» Assigned task:
Return the lines below that contain "also".

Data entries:
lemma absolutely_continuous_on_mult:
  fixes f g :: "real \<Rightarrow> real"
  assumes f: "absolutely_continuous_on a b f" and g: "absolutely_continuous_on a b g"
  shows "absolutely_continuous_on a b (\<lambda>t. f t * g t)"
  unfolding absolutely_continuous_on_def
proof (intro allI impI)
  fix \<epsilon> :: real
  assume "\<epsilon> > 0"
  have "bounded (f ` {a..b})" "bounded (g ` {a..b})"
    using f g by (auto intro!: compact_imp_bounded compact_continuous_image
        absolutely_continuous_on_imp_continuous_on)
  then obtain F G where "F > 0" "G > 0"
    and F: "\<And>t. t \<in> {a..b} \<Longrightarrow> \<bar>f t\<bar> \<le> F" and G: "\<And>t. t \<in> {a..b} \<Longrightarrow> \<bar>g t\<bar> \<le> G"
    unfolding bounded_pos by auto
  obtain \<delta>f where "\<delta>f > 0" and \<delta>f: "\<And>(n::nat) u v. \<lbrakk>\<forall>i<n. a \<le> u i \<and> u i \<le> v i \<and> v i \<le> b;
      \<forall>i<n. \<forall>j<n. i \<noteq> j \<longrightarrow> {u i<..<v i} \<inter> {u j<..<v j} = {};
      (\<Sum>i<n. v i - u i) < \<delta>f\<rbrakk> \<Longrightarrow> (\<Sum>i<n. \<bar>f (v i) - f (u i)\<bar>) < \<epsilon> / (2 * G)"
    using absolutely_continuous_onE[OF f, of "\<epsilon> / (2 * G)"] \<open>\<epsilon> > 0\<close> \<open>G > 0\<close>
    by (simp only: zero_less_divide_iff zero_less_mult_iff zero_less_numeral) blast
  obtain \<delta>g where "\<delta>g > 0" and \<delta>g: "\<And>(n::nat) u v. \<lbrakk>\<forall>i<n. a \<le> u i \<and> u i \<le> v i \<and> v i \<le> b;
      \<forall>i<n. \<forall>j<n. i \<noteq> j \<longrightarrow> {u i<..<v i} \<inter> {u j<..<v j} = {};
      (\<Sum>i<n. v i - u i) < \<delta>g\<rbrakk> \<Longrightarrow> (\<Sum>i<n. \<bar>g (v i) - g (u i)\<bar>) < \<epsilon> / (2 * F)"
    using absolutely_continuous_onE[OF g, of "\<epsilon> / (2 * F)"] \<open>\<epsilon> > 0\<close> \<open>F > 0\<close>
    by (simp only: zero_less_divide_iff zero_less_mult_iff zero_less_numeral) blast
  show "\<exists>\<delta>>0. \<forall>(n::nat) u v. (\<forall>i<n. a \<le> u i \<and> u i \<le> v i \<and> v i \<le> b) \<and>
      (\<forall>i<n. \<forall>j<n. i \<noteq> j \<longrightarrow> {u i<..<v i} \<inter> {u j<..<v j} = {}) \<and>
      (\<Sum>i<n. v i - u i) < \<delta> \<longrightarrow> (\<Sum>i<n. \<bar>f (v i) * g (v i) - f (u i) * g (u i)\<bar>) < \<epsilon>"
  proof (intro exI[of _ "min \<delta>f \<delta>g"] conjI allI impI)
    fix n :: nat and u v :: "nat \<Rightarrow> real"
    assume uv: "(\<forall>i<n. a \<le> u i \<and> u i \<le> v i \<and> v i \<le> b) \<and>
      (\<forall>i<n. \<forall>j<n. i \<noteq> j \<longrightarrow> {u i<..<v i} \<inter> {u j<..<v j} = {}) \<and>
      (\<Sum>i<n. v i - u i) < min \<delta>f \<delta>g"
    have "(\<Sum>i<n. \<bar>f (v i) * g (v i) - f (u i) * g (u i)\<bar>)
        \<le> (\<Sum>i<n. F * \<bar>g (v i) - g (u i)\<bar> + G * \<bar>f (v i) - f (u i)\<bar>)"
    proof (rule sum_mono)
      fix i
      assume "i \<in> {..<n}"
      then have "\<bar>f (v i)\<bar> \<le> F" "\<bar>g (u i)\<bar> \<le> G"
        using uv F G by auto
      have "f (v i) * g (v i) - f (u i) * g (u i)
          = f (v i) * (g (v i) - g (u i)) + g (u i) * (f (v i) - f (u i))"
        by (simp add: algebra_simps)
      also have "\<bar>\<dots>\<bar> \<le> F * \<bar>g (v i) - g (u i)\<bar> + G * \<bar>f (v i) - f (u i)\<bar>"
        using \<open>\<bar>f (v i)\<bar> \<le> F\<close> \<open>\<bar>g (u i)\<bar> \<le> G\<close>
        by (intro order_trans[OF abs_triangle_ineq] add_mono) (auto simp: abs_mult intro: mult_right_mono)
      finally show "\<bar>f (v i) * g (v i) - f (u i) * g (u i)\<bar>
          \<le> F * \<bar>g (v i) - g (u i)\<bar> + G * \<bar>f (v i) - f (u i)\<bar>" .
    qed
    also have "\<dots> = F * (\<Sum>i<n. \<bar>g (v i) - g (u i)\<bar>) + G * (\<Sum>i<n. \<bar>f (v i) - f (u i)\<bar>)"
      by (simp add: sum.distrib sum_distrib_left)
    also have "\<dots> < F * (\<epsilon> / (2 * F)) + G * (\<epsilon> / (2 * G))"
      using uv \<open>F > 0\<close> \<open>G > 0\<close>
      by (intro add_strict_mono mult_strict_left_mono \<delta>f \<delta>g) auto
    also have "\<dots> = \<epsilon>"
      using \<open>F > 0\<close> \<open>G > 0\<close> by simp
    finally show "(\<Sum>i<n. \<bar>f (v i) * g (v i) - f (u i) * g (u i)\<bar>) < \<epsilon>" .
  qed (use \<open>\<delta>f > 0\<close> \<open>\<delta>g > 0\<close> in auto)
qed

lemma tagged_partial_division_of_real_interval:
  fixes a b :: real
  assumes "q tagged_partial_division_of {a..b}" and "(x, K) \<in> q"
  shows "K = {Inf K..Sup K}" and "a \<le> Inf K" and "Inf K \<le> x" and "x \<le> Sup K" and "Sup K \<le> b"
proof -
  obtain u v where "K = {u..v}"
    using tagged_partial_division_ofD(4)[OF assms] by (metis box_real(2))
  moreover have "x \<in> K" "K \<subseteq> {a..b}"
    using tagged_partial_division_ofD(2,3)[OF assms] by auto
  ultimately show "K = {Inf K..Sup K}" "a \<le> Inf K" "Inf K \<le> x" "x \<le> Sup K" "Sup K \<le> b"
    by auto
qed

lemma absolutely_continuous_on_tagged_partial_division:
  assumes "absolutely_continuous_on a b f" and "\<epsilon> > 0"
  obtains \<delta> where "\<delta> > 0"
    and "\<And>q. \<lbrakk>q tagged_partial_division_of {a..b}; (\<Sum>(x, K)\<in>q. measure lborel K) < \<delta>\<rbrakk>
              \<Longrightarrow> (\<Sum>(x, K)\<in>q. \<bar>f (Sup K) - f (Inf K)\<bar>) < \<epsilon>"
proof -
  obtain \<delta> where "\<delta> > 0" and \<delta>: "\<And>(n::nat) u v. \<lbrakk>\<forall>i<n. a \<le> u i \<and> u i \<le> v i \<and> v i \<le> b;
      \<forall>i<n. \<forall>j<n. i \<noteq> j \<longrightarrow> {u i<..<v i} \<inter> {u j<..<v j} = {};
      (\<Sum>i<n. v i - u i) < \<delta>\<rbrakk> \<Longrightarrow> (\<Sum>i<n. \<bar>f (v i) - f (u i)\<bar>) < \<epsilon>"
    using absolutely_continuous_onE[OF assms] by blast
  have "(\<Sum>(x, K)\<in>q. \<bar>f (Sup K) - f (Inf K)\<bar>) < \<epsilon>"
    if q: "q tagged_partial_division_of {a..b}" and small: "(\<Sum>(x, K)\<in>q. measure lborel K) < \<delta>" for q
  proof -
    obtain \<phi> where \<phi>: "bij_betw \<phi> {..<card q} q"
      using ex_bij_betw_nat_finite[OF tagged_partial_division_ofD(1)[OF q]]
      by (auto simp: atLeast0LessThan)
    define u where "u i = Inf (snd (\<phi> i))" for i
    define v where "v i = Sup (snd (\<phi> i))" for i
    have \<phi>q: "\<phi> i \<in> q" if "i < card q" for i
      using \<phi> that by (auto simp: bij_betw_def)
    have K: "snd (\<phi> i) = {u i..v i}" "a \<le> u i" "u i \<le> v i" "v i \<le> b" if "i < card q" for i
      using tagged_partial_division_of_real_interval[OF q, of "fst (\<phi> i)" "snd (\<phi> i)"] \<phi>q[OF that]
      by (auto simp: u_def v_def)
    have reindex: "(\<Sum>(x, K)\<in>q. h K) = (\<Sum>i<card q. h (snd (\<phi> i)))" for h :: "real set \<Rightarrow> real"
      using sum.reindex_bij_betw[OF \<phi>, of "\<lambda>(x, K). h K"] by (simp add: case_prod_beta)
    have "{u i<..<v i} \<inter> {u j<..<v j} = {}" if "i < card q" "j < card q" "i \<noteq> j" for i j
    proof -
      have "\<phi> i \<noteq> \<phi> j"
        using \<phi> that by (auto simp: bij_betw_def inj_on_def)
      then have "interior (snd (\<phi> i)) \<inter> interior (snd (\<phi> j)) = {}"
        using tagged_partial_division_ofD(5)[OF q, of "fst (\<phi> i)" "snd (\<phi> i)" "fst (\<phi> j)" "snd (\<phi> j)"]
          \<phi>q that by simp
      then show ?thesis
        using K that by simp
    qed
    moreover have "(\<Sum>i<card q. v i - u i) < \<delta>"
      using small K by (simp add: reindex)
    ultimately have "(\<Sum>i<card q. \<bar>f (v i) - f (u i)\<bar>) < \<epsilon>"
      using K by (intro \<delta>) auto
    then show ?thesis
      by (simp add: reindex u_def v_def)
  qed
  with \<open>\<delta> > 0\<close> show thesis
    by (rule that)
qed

--

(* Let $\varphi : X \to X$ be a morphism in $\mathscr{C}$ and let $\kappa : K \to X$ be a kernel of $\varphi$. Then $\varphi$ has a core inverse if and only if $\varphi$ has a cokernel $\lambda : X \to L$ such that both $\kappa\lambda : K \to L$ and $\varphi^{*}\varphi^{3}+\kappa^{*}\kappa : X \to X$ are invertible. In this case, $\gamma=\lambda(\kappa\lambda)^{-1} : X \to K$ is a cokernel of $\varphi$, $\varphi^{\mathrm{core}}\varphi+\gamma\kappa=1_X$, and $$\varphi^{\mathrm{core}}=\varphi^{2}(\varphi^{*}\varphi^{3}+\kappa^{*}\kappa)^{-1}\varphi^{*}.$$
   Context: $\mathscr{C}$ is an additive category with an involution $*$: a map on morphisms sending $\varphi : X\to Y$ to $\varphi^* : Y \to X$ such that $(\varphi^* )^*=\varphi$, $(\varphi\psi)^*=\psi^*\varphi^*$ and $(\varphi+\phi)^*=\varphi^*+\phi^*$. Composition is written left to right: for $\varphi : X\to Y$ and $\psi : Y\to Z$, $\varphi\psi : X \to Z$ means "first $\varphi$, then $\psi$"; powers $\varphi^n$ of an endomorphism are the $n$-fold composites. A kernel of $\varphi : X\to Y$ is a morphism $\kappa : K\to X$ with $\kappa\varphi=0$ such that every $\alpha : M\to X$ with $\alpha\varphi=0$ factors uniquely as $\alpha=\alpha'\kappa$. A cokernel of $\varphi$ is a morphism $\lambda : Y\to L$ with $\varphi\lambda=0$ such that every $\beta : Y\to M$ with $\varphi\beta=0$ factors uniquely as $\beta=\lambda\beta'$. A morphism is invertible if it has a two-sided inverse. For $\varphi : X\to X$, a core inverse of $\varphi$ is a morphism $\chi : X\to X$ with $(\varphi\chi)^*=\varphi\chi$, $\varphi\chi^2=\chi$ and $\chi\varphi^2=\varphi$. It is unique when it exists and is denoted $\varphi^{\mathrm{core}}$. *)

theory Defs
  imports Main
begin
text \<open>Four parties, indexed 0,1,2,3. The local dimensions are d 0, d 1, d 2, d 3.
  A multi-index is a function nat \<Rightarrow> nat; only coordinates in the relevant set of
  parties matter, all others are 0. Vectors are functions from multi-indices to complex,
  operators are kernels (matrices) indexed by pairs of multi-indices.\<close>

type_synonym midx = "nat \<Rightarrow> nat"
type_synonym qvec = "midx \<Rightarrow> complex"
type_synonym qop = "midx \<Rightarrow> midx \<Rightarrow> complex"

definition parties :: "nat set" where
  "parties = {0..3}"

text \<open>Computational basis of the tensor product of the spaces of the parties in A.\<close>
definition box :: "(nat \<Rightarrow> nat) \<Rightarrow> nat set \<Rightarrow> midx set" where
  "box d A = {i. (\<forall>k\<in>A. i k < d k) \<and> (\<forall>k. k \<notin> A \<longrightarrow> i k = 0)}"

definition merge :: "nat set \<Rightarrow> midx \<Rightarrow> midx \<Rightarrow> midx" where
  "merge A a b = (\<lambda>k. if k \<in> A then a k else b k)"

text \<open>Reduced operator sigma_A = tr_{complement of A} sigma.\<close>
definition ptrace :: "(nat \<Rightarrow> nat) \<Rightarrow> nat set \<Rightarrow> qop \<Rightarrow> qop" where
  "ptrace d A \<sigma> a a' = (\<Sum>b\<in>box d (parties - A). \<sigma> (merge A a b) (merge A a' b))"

» Written reply:
      also have "\<bar>\<dots>\<bar> \<le> F * \<bar>g (v i) - g (u i)\<bar> + G * \<bar>f (v i) - f (u i)\<bar>"
    also have "\<dots> = F * (\<Sum>i<n. \<bar>g (v i) - g (u i)\<bar>) + G * (\<Sum>i<n. \<bar>f (v i) - f (u i)\<bar>)"
    also have "\<dots> < F * (\<epsilon> / (2 * F)) + G * (\<epsilon> / (2 * G))"
    also have "\<dots> = \<epsilon>"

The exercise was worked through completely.